Why Does It Take So Long to Upgrade Network Devices?

One of my readers sent me a question about his favorite annoyance:

During my long practice, I’ve never seen an Enterprise successfully managing the network device software upgrade/patching cycles. It seems like nothing changed in the last 20 years - despite technical progress, in still takes years (not months) to refresh software in your network.

There are two aspects to this:

  • Why does it take so long to validate a new software release, and why are they still monolithic blobs, and why are they always full of fresh bugs? Let’s postpone this one for another blog post ;), in the meantime read this blog post by Tom Hollingsworth (in particular the I Feel the Need for Speed section).
  • Why does it take so long to roll out new software?

The second aspect is entirely our fault. We were so keen on being CLI heroes that we ignored what was happening around us. The leading $vendor having ancient software that can barely spell API and never got configuration commit capability didn’t help either – the code base for their enterprise routing platform is almost four decades old, and their switching platform got configure replace in 2017.

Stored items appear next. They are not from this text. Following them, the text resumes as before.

lemma trace_dual_basis_exists:
  fixes z :: "'i::finite \<Rightarrow> 'a::{field,finite} ^ 'm"
  assumes q: "q = CHAR('a) ^ h" "0 < h" and card: "CARD('a) = q ^ n" "0 < n"
    and basis: "is_Fq_basis q z UNIV"
  obtains z' where "\<And>i j. trace_form q n (z i) (z' j) = (if i = j then 1 else 0)"
proof -
  define Kn where "Kn = {c :: 'i \<Rightarrow> 'a. \<forall>i. c i \<in> subfield_q q}"
  define G where "G c = (\<lambda>i. trace_form q n (z i) (\<Sum>k\<in>UNIV. c k *s z k))" for c
  have "G ` Kn \<subseteq> Kn"
    by (auto simp: Kn_def G_def trace_form_in_subfield_q[OF q(1) card(1)])
  moreover have "inj_on G Kn"
  proof (rule inj_onI)
    fix c d assume "c \<in> Kn" "d \<in> Kn" and eq: "G c = G d"
    then have K: "\<forall>k. c k - d k \<in> subfield_q q"
      unfolding Kn_def using subfield_q_diff[OF q(1)] by blast
    have "trace_form q n (z i) ((\<Sum>k\<in>UNIV. c k *s z k) - (\<Sum>k\<in>UNIV. d k *s z k)) = 0" for i
      using fun_cong[OF eq, of i] unfolding G_def trace_form_diff_right[OF q(1)] by simp
    then have "(\<Sum>k\<in>UNIV. c k *s z k) - (\<Sum>k\<in>UNIV. d k *s z k) = 0"
      by (rule trace_form_nondegenerate_on_basis[OF q card basis])
    then have "(\<Sum>k\<in>UNIV. (c k - d k) *s z k) = 0"
      by (simp add: vec.scale_left_diff_distrib sum_subtractf)
    then show "c = d"
      using is_Fq_basis_independent[OF basis K] by (simp add: fun_eq_iff)
  qed
  ultimately have "G ` Kn = Kn"
    by (intro endo_inj_surj) simp_all
  moreover have "(\<lambda>i. if i = j then 1 else 0) \<in> Kn" for j
    using q(1) CHAR_power_pos[where 'a='a] by (simp add: Kn_def)
  ultimately have "\<exists>c. G c = (\<lambda>i. if i = j then 1 else 0)" for j
    by (metis imageE)
  then obtain c where c: "\<And>j. G (c j) = (\<lambda>i. if i = j then 1 else 0)"
    by metis
  show ?thesis
  proof (rule that)
    fix i j
    show "trace_form q n (z i) (\<Sum>k\<in>UNIV. c j k *s z k) = (if i = j then 1 else 0)"
      using fun_cong[OF c[of j], of i] unfolding G_def by simp
  qed
qed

Well, not everyone did the same mistake. I know people who roll out software upgrades with automated scripts (here are a few ideas to get you started). I’ve also heard of people who bricked hundreds of routers because of insufficient checks and lack of gradual rollout.

I know people who vote with their wallet and buy products that support automation. You can buy a router, a switch, a firewall, and (probably) a load balancer that had full support for automation for years if not decades from a major vendor for a reasonable price these days… but as long as everyone keeps buying what they’ve been buying for decades we won’t move anywhere. It’s like we would continue buying hierarchical databases like IBM IMS instead of using MySQL or whatever other variant of modern relational database (but wait… there are people talking about migrating mainframe applications to AWS).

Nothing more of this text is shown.